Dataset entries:
(* Let $\beta>0$, $\beta_a>0$, $\alpha>0$ and $x_a\in[0,1]$, let $\Gamma=[0,x_a]\times[0,1-x_a]$, and consider the planar system \[ \frac{di_a}{dt}=F_a(i_a,i_r)\triangleq \beta(x_a-i_a)(i_a+i_r)-\beta_a(x_a-i_a)i_a-\alpha i_a, \qquad \frac{di_r}{dt}=F_r(i_a,i_r)\triangleq \beta(1-x_a-i_r)(i_a+i_r)-\beta_a(x_a-i_a)i_r-\alpha i_r . \] Let $\lambda_+\triangleq\beta-\beta_a x_a-\alpha$. If $\lambda_+\le 0$, then $(0,0)$ is the only isolated equilibrium of the system in $\Gamma$. Moreover, a unique interior equilibrium (a point of $(0,x_a)\times(0,1-x_a)$ at which $F_a=F_r=0$) exists if and only if $\lambda_+>0$.
   Context: An equilibrium is a point $\boldsymbol{i}\in\Gamma$ with $F_a(\boldsymbol{i})=F_r(\boldsymbol{i})=0$; the point $(0,0)$ is called the infection-free equilibrium. *)

theory Defs
  imports "HOL-Analysis.Analysis"
begin

definition Fa :: "real \<Rightarrow> real \<Rightarrow> real \<Rightarrow> real \<Rightarrow> real \<Rightarrow> real \<Rightarrow> real" where
  "Fa \<beta> \<beta>a \<alpha> xa ia ir = \<beta> * (xa - ia) * (ia + ir) - \<beta>a * (xa - ia) * ia - \<alpha> * ia"

definition Fr :: "real \<Rightarrow> real \<Rightarrow> real \<Rightarrow> real \<Rightarrow> real \<Rightarrow> real \<Rightarrow> real" where
  "Fr \<beta> \<beta>a \<alpha> xa ia ir = \<beta> * (1 - xa - ir) * (ia + ir) - \<beta>a * (xa - ia) * ir - \<alpha> * ir"

definition Gamma :: "real \<Rightarrow> (real \<times> real) set" where
  "Gamma xa = {0..xa} \<times> {0..1 - xa}"

definition equilibrium :: "real \<Rightarrow> real \<Rightarrow> real \<Rightarrow> real \<Rightarrow> real \<times> real \<Rightarrow> bool" where
  "equilibrium \<beta> \<beta>a \<alpha> xa p \<longleftrightarrow> p \<in> Gamma xa \<and>
      Fa \<beta> \<beta>a \<alpha> xa (fst p) (snd p) = 0 \<and> Fr \<beta> \<beta>a \<alpha> xa (fst p) (snd p) = 0"

definition isolated_equilibrium :: "real \<Rightarrow> real \<Rightarrow> real \<Rightarrow> real \<Rightarrow> real \<times> real \<Rightarrow> bool" where
  "isolated_equilibrium \<beta> \<beta>a \<alpha> xa p \<longleftrightarrow> equilibrium \<beta> \<beta>a \<alpha> xa p \<and>
      \<not> (p islimpt {q. equilibrium \<beta> \<beta>a \<alpha> xa q})"

definition interior_equilibrium :: "real \<Rightarrow> real \<Rightarrow> real \<Rightarrow> real \<Rightarrow> real \<times> real \<Rightarrow> bool" where
  "interior_equilibrium \<beta> \<beta>a \<alpha> xa p \<longleftrightarrow> p \<in> {0<..<xa} \<times> {0<..<1 - xa} \<and>
      Fa \<beta> \<beta>a \<alpha> xa (fst p) (snd p) = 0 \<and> Fr \<beta> \<beta>a \<alpha> xa (fst p) (snd p) = 0"

end

theory Submission
  imports Defs
begin

text \<open>Write \<open>s = i\<^sub>a + i\<^sub>r\<close> and \<open>\<lambda> = \<beta> - \<beta>\<^sub>a x\<^sub>a - \<alpha>\<close>. Off the
  origin, \<open>F\<^sub>a + F\<^sub>r = s (\<lambda> + \<beta>\<^sub>a i\<^sub>a - \<beta> s)\<close> forces \<open>\<beta> s = \<lambda> + \<beta>\<^sub>a i\<^sub>a\<close>, and
  then \<open>F\<^sub>a = 0\<close> becomes the linear equation \<open>\<alpha> i\<^sub>a = \<lambda> (x\<^sub>a - i\<^sub>a)\<close>. If
  \<open>\<lambda> \<le> 0\<close> the second equation forces \<open>i\<^sub>a = 0\<close> and then the first gives
  \<open>s \<le> 0\<close>; if \<open>\<lambda> > 0\<close> their only solution is
  \<open>(\<lambda> x\<^sub>a, \<lambda> (1 - x\<^sub>a)) / (\<lambda> + \<alpha>)\<close>, which lies in the interior of \<open>\<Gamma>\<close>.\<close>

lemma Fa_eq:
  "Fa \<beta> \<beta>a \<alpha> xa ia ir = (xa - ia) * (\<beta> * (ia + ir) - \<beta>a * ia) - \<alpha> * ia"
  by (simp add: Fa_def algebra_simps)

lemma Fa_add_Fr:
  "Fa \<beta> \<beta>a \<alpha> xa ia ir + Fr \<beta> \<beta>a \<alpha> xa ia ir =
     (ia + ir) * ((\<beta> - \<beta>a * xa - \<alpha>) + \<beta>a * ia - \<beta> * (ia + ir))"
  by (simp add: Fa_def Fr_def algebra_simps)

lemma equilibrium_equations_off_origin:
  assumes "ia + ir \<noteq> 0"
  shows "Fa \<beta> \<beta>a \<alpha> xa ia ir = 0 \<and> Fr \<beta> \<beta>a \<alpha> xa ia ir = 0 \<longleftrightarrow>
           \<beta> * (ia + ir) = (\<beta> - \<beta>a * xa - \<alpha>) + \<beta>a * ia \<and>
           \<alpha> * ia = (\<beta> - \<beta>a * xa - \<alpha>) * (xa - ia)"
proof -
  let ?lam = "\<beta> - \<beta>a * xa - \<alpha>"
  have Fa_on_line: "Fa \<beta> \<beta>a \<alpha> xa ia ir = ?lam * (xa - ia) - \<alpha> * ia"
    if "\<beta> * (ia + ir) = ?lam + \<beta>a * ia"
    unfolding Fa_eq that by (simp add: algebra_simps)
  show ?thesis
  proof
    assume "Fa \<beta> \<beta>a \<alpha> xa ia ir = 0 \<and> Fr \<beta> \<beta>a \<alpha> xa ia ir = 0"
    moreover from this have "\<beta> * (ia + ir) = ?lam + \<beta>a * ia"
      using Fa_add_Fr[of \<beta> \<beta>a \<alpha> xa ia ir] assms by simp
    ultimately show "\<beta> * (ia + ir) = ?lam + \<beta>a * ia \<and> \<alpha> * ia = ?lam * (xa - ia)"
      using Fa_on_line by simp
  next
    assume "\<beta> * (ia + ir) = ?lam + \<beta>a * ia \<and> \<alpha> * ia = ?lam * (xa - ia)"
    then show "Fa \<beta> \<beta>a \<alpha> xa ia ir = 0 \<and> Fr \<beta> \<beta>a \<alpha> xa ia ir = 0"
      using Fa_on_line Fa_add_Fr[of \<beta> \<beta>a \<alpha> xa ia ir] by simp
  qed
qed

lemma lambda_pos_if_equilibrium_off_origin:
  assumes "\<beta> > 0" "\<alpha> > 0" "0 \<le> ia" "ia \<le> xa" "0 \<le> ir" "(ia, ir) \<noteq> (0, 0)"
    and "Fa \<beta> \<beta>a \<alpha> xa ia ir = 0" "Fr \<beta> \<beta>a \<alpha> xa ia ir = 0"
  shows "\<beta> - \<beta>a * xa - \<alpha> > 0"
proof (rule ccontr)
  assume "\<not> \<beta> - \<beta>a * xa - \<alpha> > 0"
  have s_pos: "ia + ir > 0"
    using assms(3,5,6) by auto
  then have \<beta>s: "\<beta> * (ia + ir) = (\<beta> - \<beta>a * xa - \<alpha>) + \<beta>a * ia"
    and \<alpha>ia: "\<alpha> * ia = (\<beta> - \<beta>a * xa - \<alpha>) * (xa - ia)"
    using equilibrium_equations_off_origin[of ia ir \<beta> \<beta>a \<alpha> xa] assms(7,8) by simp_all
  have "\<alpha> * ia \<le> 0"
    using \<alpha>ia \<open>\<not> \<beta> - \<beta>a * xa - \<alpha> > 0\<close> assms(4) by (simp add: mult_nonpos_nonneg)
  then have "ia = 0"
    using assms(2,3) by (simp add: mult_le_0_iff)
  then have "\<beta> * (ia + ir) \<le> 0"
    using \<beta>s \<open>\<not> \<beta> - \<beta>a * xa - \<alpha> > 0\<close> by simp
  then show False
    using s_pos assms(1) by (simp add: mult_le_0_iff)
qed

lemma equilibria_eq_origin:
  assumes "\<beta> > 0" "\<alpha> > 0" "0 \<le> xa" "xa \<le> 1" "\<beta> - \<beta>a * xa - \<alpha> \<le> 0"
  shows "{p. equilibrium \<beta> \<beta>a \<alpha> xa p} = {(0, 0)}"
proof -
  have "p = (0, 0)" if "equilibrium \<beta> \<beta>a \<alpha> xa p" for p
    using that lambda_pos_if_equilibrium_off_origin[OF assms(1,2), of "fst p" xa "snd p" \<beta>a]
      assms(5) by (cases p) (auto simp: equilibrium_def Gamma_def)
  moreover have "equilibrium \<beta> \<beta>a \<alpha> xa (0, 0)"
    using assms(3,4) by (simp add: equilibrium_def Gamma_def Fa_def Fr_def)
  ultimately show ?thesis
    by blast
qed

lemma equilibrium_equations_solution:
  fixes \<beta> \<beta>a \<alpha> xa ia ir :: real
  assumes "\<beta> > 0" "\<beta> - \<beta>a * xa > 0"
  shows "\<beta> * (ia + ir) = (\<beta> - \<beta>a * xa - \<alpha>) + \<beta>a * ia \<and>
           \<alpha> * ia = (\<beta> - \<beta>a * xa - \<alpha>) * (xa - ia) \<longleftrightarrow>
         ia = (\<beta> - \<beta>a * xa - \<alpha>) * xa / (\<beta> - \<beta>a * xa) \<and>
           ir = (\<beta> - \<beta>a * xa - \<alpha>) * (1 - xa) / (\<beta> - \<beta>a * xa)"
proof -
  define lam where "lam = \<beta> - \<beta>a * xa - \<alpha>"
  have L: "\<beta> - \<beta>a * xa = lam + \<alpha>" "lam + \<alpha> > 0" "\<beta> = lam + \<alpha> + \<beta>a * xa"
    using assms(2) by (auto simp: lam_def)
  have ia_iff: "\<alpha> * ia = lam * (xa - ia) \<longleftrightarrow> ia = lam * xa / (lam + \<alpha>)"
    using L(2) by (auto simp: field_simps)
  have ir_iff: "\<beta> * (ia + ir) = lam + \<beta>a * ia \<longleftrightarrow> ir = lam * (1 - xa) / (lam + \<alpha>)"
    if ia: "ia = lam * xa / (lam + \<alpha>)"
  proof -
    have "\<beta> * (lam / (lam + \<alpha>)) = lam + \<beta>a * ia"
      using ia L(2,3) by (simp add: field_simps)
    then have "\<beta> * (ia + ir) = lam + \<beta>a * ia \<longleftrightarrow> ia + ir = lam / (lam + \<alpha>)"
      using assms(1) by (metis mult_cancel_left less_irrefl)
    also have "\<dots> \<longleftrightarrow> ir = lam * (1 - xa) / (lam + \<alpha>)"
      using ia L(2) by (auto simp: field_simps)
    finally show ?thesis .
  qed
  show ?thesis
    unfolding lam_def[symmetric] unfolding L(1) using ia_iff ir_iff by blast
qed

lemma interior_equilibrium_iff:
  assumes "\<beta> > 0" "\<alpha> > 0" "0 < xa" "xa < 1" "\<beta> - \<beta>a * xa - \<alpha> > 0"
  shows "interior_equilibrium \<beta> \<beta>a \<alpha> xa p \<longleftrightarrow>
           p = ((\<beta> - \<beta>a * xa - \<alpha>) * xa / (\<beta> - \<beta>a * xa),
                (\<beta> - \<beta>a * xa - \<alpha>) * (1 - xa) / (\<beta> - \<beta>a * xa))"
    (is "_ \<longleftrightarrow> p = (?ia, ?ir)")
proof -
  obtain ia ir where p: "p = (ia, ir)"
    by (cases p)
  have bounds: "?ia \<in> {0<..<xa}" "?ir \<in> {0<..<1 - xa}"
  proof -
    define lam where "lam = \<beta> - \<beta>a * xa - \<alpha>"
    have "lam > 0" "\<beta> - \<beta>a * xa = lam + \<alpha>"
      using assms(5) by (simp_all add: lam_def)
    then show "?ia \<in> {0<..<xa}" "?ir \<in> {0<..<1 - xa}"
      using assms(2-4) unfolding lam_def[symmetric] by (simp_all add: field_simps)
  qed
  have equations_iff: "Fa \<beta> \<beta>a \<alpha> xa ia ir = 0 \<and> Fr \<beta> \<beta>a \<alpha> xa ia ir = 0 \<longleftrightarrow> (ia, ir) = (?ia, ?ir)"
    if "ia + ir \<noteq> 0"
    using equilibrium_equations_off_origin[OF that, of \<beta> \<beta>a \<alpha> xa]
      equilibrium_equations_solution[OF assms(1), of \<beta>a xa ia ir \<alpha>] assms(2,5)
    by simp
  show ?thesis
  proof
    assume "interior_equilibrium \<beta> \<beta>a \<alpha> xa p"
    then show "p = (?ia, ?ir)"
      using equations_iff unfolding p interior_equilibrium_def by simp
  next
    assume "p = (?ia, ?ir)"
    then show "interior_equilibrium \<beta> \<beta>a \<alpha> xa p"
      using equations_iff bounds unfolding p interior_equilibrium_def by simp
  qed
qed

theorem lemma3:
  fixes \<beta> \<beta>a \<alpha> xa :: real
  assumes "\<beta> > 0" and "\<beta>a > 0" and "\<alpha> > 0" and "0 \<le> xa" and "xa \<le> 1"
  shows "(\<beta> - \<beta>a * xa - \<alpha> \<le> 0 \<longrightarrow>
            isolated_equilibrium \<beta> \<beta>a \<alpha> xa (0, 0) \<and>
            (\<forall>p. isolated_equilibrium \<beta> \<beta>a \<alpha> xa p \<longrightarrow> p = (0, 0)))
       \<and> (0 < xa \<and> xa < 1 \<longrightarrow>
            ((\<exists>!p. interior_equilibrium \<beta> \<beta>a \<alpha> xa p) \<longleftrightarrow> \<beta> - \<beta>a * xa - \<alpha> > 0))"
proof (intro conjI impI)
  assume "\<beta> - \<beta>a * xa - \<alpha> \<le> 0"
  then have E: "{p. equilibrium \<beta> \<beta>a \<alpha> xa p} = {(0, 0)}"
    using equilibria_eq_origin assms by blast
  then show "isolated_equilibrium \<beta> \<beta>a \<alpha> xa (0, 0)"
    by (auto simp: isolated_equilibrium_def islimpt_insert)
  show "\<forall>p. isolated_equilibrium \<beta> \<beta>a \<alpha> xa p \<longrightarrow> p = (0, 0)"
    using E by (auto simp: isolated_equilibrium_def)
next
  assume xa: "0 < xa \<and> xa < 1"
  show "(\<exists>!p. interior_equilibrium \<beta> \<beta>a \<alpha> xa p) \<longleftrightarrow> \<beta> - \<beta>a * xa - \<alpha> > 0"
  proof
    assume "\<exists>!p. interior_equilibrium \<beta> \<beta>a \<alpha> xa p"
    then obtain ia ir where "interior_equilibrium \<beta> \<beta>a \<alpha> xa (ia, ir)"
      by auto
    then show "\<beta> - \<beta>a * xa - \<alpha> > 0"
      using lambda_pos_if_equilibrium_off_origin[OF assms(1,3), of ia xa ir \<beta>a]
      by (auto simp: interior_equilibrium_def)
  next
    assume "\<beta> - \<beta>a * xa - \<alpha> > 0"
    then show "\<exists>!p. interior_equilibrium \<beta> \<beta>a \<alpha> xa p"
      using interior_equilibrium_iff[OF assms(1,3)] xa by simp
  qed
qed

end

**WORK TO COMPLETE**
A single number is required: the count of lines in the data that contain the string "obtain".

**RESPONSE AREA**
2